EXERCISE OBJECTIVE ▸ Repeat back every line of the data, exactly.

======== DATASET

(* Let $n,x$ be integers with $1<x<n$, so that $G=C_{2n}(x,1,n)$ is a $5$-regular circulant graph. If $\tfrac{n}{2}<x\leq \tfrac{2n}{3}$, then $G$ is word-representable and $R(G)\leq 5$.
   Context: Two distinct letters $x,y$ alternate in a word $w$ if, after deleting all other letters from $w$, the resulting word is of the form $xyxy\cdots$ or $yxyx\cdots$ (of even or odd length). A graph $G=(V,E)$ is word-representable if there is a word $w$ over the alphabet $V$, containing every letter of $V$ at least once, such that for all distinct $x,y\in V$, $xy\in E$ if and only if $x$ and $y$ alternate in $w$. A word is $k$-uniform if every letter occurs in it exactly $k$ times; $G$ is $k$-representable if some $k$-uniform word represents it, and the representation number $R(G)$ of a word-representable graph $G$ is the least such $k$. For an integer $m$ and a set $R$ of positive integers each at most $m/2$, the circulant graph $C_m(R)$ has vertex set $\{0,1,\dots,m-1\}$, with $i$ and $j$ adjacent iff $\min(|i-j|,\,m-|i-j|)\in R$. $C_{2n}(x,1,n)$ denotes the circulant graph on $2n$ vertices with jump set $\{1,x,n\}$; it is $5$-regular exactly when $1<x<n$. *)

theory Defs
  imports Complex_Main
begin

definition alternate :: "'a list \<Rightarrow> 'a \<Rightarrow> 'a \<Rightarrow> bool" where
  "alternate w x y \<longleftrightarrow>
     (let u = filter (\<lambda>z. z = x \<or> z = y) w in
        u = map (\<lambda>i. if even i then x else y) [0..<length u] \<or>
        u = map (\<lambda>i. if even i then y else x) [0..<length u])"

definition represents :: "'a set \<Rightarrow> ('a \<Rightarrow> 'a \<Rightarrow> bool) \<Rightarrow> 'a list \<Rightarrow> bool" where
  "represents V E w \<longleftrightarrow> set w = V \<and>
     (\<forall>x\<in>V. \<forall>y\<in>V. x \<noteq> y \<longrightarrow> (E x y \<longleftrightarrow> alternate w x y))"

definition word_representable :: "'a set \<Rightarrow> ('a \<Rightarrow> 'a \<Rightarrow> bool) \<Rightarrow> bool" where
  "word_representable V E \<longleftrightarrow> (\<exists>w. represents V E w)"

definition uniform :: "nat \<Rightarrow> 'a list \<Rightarrow> bool" where
  "uniform k w \<longleftrightarrow> (\<forall>a\<in>set w. count_list w a = k)"

definition k_representable :: "nat \<Rightarrow> 'a set \<Rightarrow> ('a \<Rightarrow> 'a \<Rightarrow> bool) \<Rightarrow> bool" where
  "k_representable k V E \<longleftrightarrow> (\<exists>w. uniform k w \<and> represents V E w)"

definition rep_number :: "'a set \<Rightarrow> ('a \<Rightarrow> 'a \<Rightarrow> bool) \<Rightarrow> nat" where
  "rep_number V E = (LEAST k. k_representable k V E)"

definition circ_vertices :: "nat \<Rightarrow> nat set" where
  "circ_vertices m = {0..<m}"

definition circ_adj :: "nat \<Rightarrow> nat set \<Rightarrow> nat \<Rightarrow> nat \<Rightarrow> bool" where
  "circ_adj m R i j \<longleftrightarrow>
     (let d = (if i \<le> j then j - i else i - j) in min d (m - d) \<in> R)"

end

theory Submission
  imports Defs
begin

================

EXERCISE RESULT ▸
(* Let $n,x$ be integers with $1<x<n$, so that $G=C_{2n}(x,1,n)$ is a $5$-regular circulant graph. If $\tfrac{n}{2}<x\leq \tfrac{2n}{3}$, then $G$ is word-representable and $R(G)\leq 5$.
   Context: Two distinct letters $x,y$ alternate in a word $w$ if, after deleting all other letters from $w$, the resulting word is of the form $xyxy\cdots$ or $yxyx\cdots$ (of even or odd length). A graph $G=(V,E)$ is word-representable if there is a word $w$ over the alphabet $V$, containing every letter of $V$ at least once, such that for all distinct $x,y\in V$, $xy\in E$ if and only if $x$ and $y$ alternate in $w$. A word is $k$-uniform if every letter occurs in it exactly $k$ times; $G$ is $k$-representable if some $k$-uniform word represents it, and the representation number $R(G)$ of a word-representable graph $G$ is the least such $k$. For an integer $m$ and a set $R$ of positive integers each at most $m/2$, the circulant graph $C_m(R)$ has vertex set $\{0,1,\dots,m-1\}$, with $i$ and $j$ adjacent iff $\min(|i-j|,\,m-|i-j|)\in R$. $C_{2n}(x,1,n)$ denotes the circulant graph on $2n$ vertices with jump set $\{1,x,n\}$; it is $5$-regular exactly when $1<x<n$. *)

theory Defs
  imports Complex_Main
begin

definition alternate :: "'a list \<Rightarrow> 'a \<Rightarrow> 'a \<Rightarrow> bool" where
  "alternate w x y \<longleftrightarrow>
     (let u = filter (\<lambda>z. z = x \<or> z = y) w in
        u = map (\<lambda>i. if even i then x else y) [0..<length u] \<or>
        u = map (\<lambda>i. if even i then y else x) [0..<length u])"

definition represents :: "'a set \<Rightarrow> ('a \<Rightarrow> 'a \<Rightarrow> bool) \<Rightarrow> 'a list \<Rightarrow> bool" where
  "represents V E w \<longleftrightarrow> set w = V \<and>
     (\<forall>x\<in>V. \<forall>y\<in>V. x \<noteq> y \<longrightarrow> (E x y \<longleftrightarrow> alternate w x y))"

definition word_representable :: "'a set \<Rightarrow> ('a \<Rightarrow> 'a \<Rightarrow> bool) \<Rightarrow> bool" where
  "word_representable V E \<longleftrightarrow> (\<exists>w. represents V E w)"

definition uniform :: "nat \<Rightarrow> 'a list \<Rightarrow> bool" where
  "uniform k w \<longleftrightarrow> (\<forall>a\<in>set w. count_list w a = k)"

definition k_representable :: "nat \<Rightarrow> 'a set \<Rightarrow> ('a \<Rightarrow> 'a \<Rightarrow> bool) \<Rightarrow> bool" where
  "k_representable k V E \<longleftrightarrow> (\<exists>w. uniform k w \<and> represents V E w)"

definition rep_number :: "'a set \<Rightarrow> ('a \<Rightarrow> 'a \<Rightarrow> bool) \<Rightarrow> nat" where
  "rep_number V E = (LEAST k. k_representable k V E)"

definition circ_vertices :: "nat \<Rightarrow> nat set" where
  "circ_vertices m = {0..<m}"

definition circ_adj :: "nat \<Rightarrow> nat set \<Rightarrow> nat \<Rightarrow> nat \<Rightarrow> bool" where
  "circ_adj m R i j \<longleftrightarrow>
     (let d = (if i \<le> j then j - i else i - j) in min d (m - d) \<in> R)"

end

theory Submission
  imports Defs
begin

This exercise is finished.